# fog juice inputs



## whytheneon (Sep 8, 2010)

As I was looking to get some froggys freezing or cryo juice, I contacted a listed distributor here in San diego, the only one actually. 

He said that he doesn't carry it on hand but can order it at a discounted price, but shipping is killer. He said he keeps antari, martin and chauvet juice on hand. 

Do any of these other brands compare? I'll be running a1500w through a trash can chiller, and 2 400w machines though a DIY bucket chiller. I'm looking to keep the fog on the ground and not have a garage full of haze this year.
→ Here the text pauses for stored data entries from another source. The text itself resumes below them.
(* Y' represents the flag A^-1 Y; only its first vector enters the shears. *)
lemma sigma1_arg_mult_sigma2_arg:
  fixes A :: "real^3^3"
  assumes "det A \<noteq> 0"
    and eu: "A *v fst X = l *\<^sub>R fst X" and ew: "A *v snd X = m *\<^sub>R snd X"
    and ey: "A *v fst Y' = c *\<^sub>R fst Y"
    and s1: "sigma1_arg Z X Y Y' \<noteq> 0" and s2: "sigma2_arg X Y Z (flag_act A Z) \<noteq> 0"
  shows "sigma1_arg Z X Y Y' * sigma2_arg X Y Z (flag_act A Z) = l * m^2 / det A"
proof -
  obtain u w where X: "X = (u, w)" by fastforce
  obtain y y2 where Y: "Y = (y, y2)" by fastforce
  obtain z z2 where Z: "Z = (z, z2)" by fastforce
  define y' where "y' = fst Y'"
  have s1_eq: "sigma1_arg Z X Y Y' = - (vol3 u y z / vol3 z u y') * (vol3 u w y' / vol3 u w y)"
    by (simp add: sigma1_arg_def w11_1_def w2_1_def X Y Z y'_def vol3_cycle[of z])
  have s2_eq: "sigma2_arg X Y Z (flag_act A Z)
      = - (vol3 u y (A *v z) / vol3 u y z) * (vol3 u w z / vol3 u w (A *v z))"
    by (simp add: sigma2_arg_def w11_1_def w2_1_def flag_act_def X Y Z)
  have nz: "vol3 u y z \<noteq> 0" "vol3 z u y' \<noteq> 0" "vol3 u w y' \<noteq> 0" "vol3 u w y \<noteq> 0"
    "vol3 u y (A *v z) \<noteq> 0" "vol3 u w z \<noteq> 0" "vol3 u w (A *v z) \<noteq> 0"
    using s1 s2 unfolding s1_eq s2_eq by auto
  have zuy': "l * c * vol3 u y (A *v z) = det A * vol3 z u y'"
    using vol3_matrix_vector_mult[of A z u y'] eu ey X Y
    by (simp add: y'_def vol3_scaleR vol3_cycle[of "A *v z"] ac_simps)
  have uwy': "l * m * c * vol3 u w y = det A * vol3 u w y'"
    using vol3_matrix_vector_mult[of A u w y'] eu ew ey X Y
    by (simp add: y'_def vol3_scaleR ac_simps)
  have uwz: "l * m * vol3 u w (A *v z) = det A * vol3 u w z"
    using vol3_matrix_vector_mult[of A u w z] eu ew X by (simp add: vol3_scaleR ac_simps)
  have "l \<noteq> 0" "m \<noteq> 0" "c \<noteq> 0"
    using uwy' nz \<open>det A \<noteq> 0\<close> by auto
  then have solved: "vol3 z u y' = l * c * vol3 u y (A *v z) / det A"
    "vol3 u w y' = l * m * c * vol3 u w y / det A"
    "vol3 u w (A *v z) = det A * vol3 u w z / (l * m)"
    using zuy' uwy' uwz \<open>det A \<noteq> 0\<close> by (simp_all add: field_simps)
  show ?thesis
    unfolding s1_eq s2_eq solved
    using nz \<open>l \<noteq> 0\<close> \<open>m \<noteq> 0\<close> \<open>c \<noteq> 0\<close> \<open>det A \<noteq> 0\<close>
    by (simp add: field_simps power2_eq_square)
qed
Also, what type of these fluids would be best for the low lying effect?

Also, how are the "premium" brands when it comes to breathing? The halloween store juice left us all feeling hoarse and winded for most of the night.

Thanks


----------



## ATLfun (Oct 12, 2012)

I have never used a premium brand so I cannot speak to that point. But I think you will have a haze eventually no matter the brand. Fog is simply smoke, and at some point will evaporate upwards. I like to think that my fog chiller does an excellent job of producing low lying fog, but it still hazes up after about 25-30 ft.


----------



## Bbdude (Sep 26, 2014)

I don't have any experience with any juice other than generic WalMart or Spirit juice, but I do recall reading about a premium juice marketed as "fast dissipating". Was said that when used with a chiller it makes great low fog, and dissipated quickly from the air to minimize hazing.

Can't recall the name or anything off the top of my head, but I hope that helps.


----------



## Bbdude (Sep 26, 2014)

Sorry for the double post, I can't edit my last post yet.

I found that juice, its called Rosco Stage and Show fog juice, its the second one on this link:

http://www.rosco.com/fog/fogfluid.cfm


----------



## Japy (Oct 14, 2013)

Big fan of the froggy's freezin juice. That stuff definitely hangs low and sticks around forever. Plus I haven't had any complaints from anyone from breathing it in.. And we put out a LOT of fog.


----------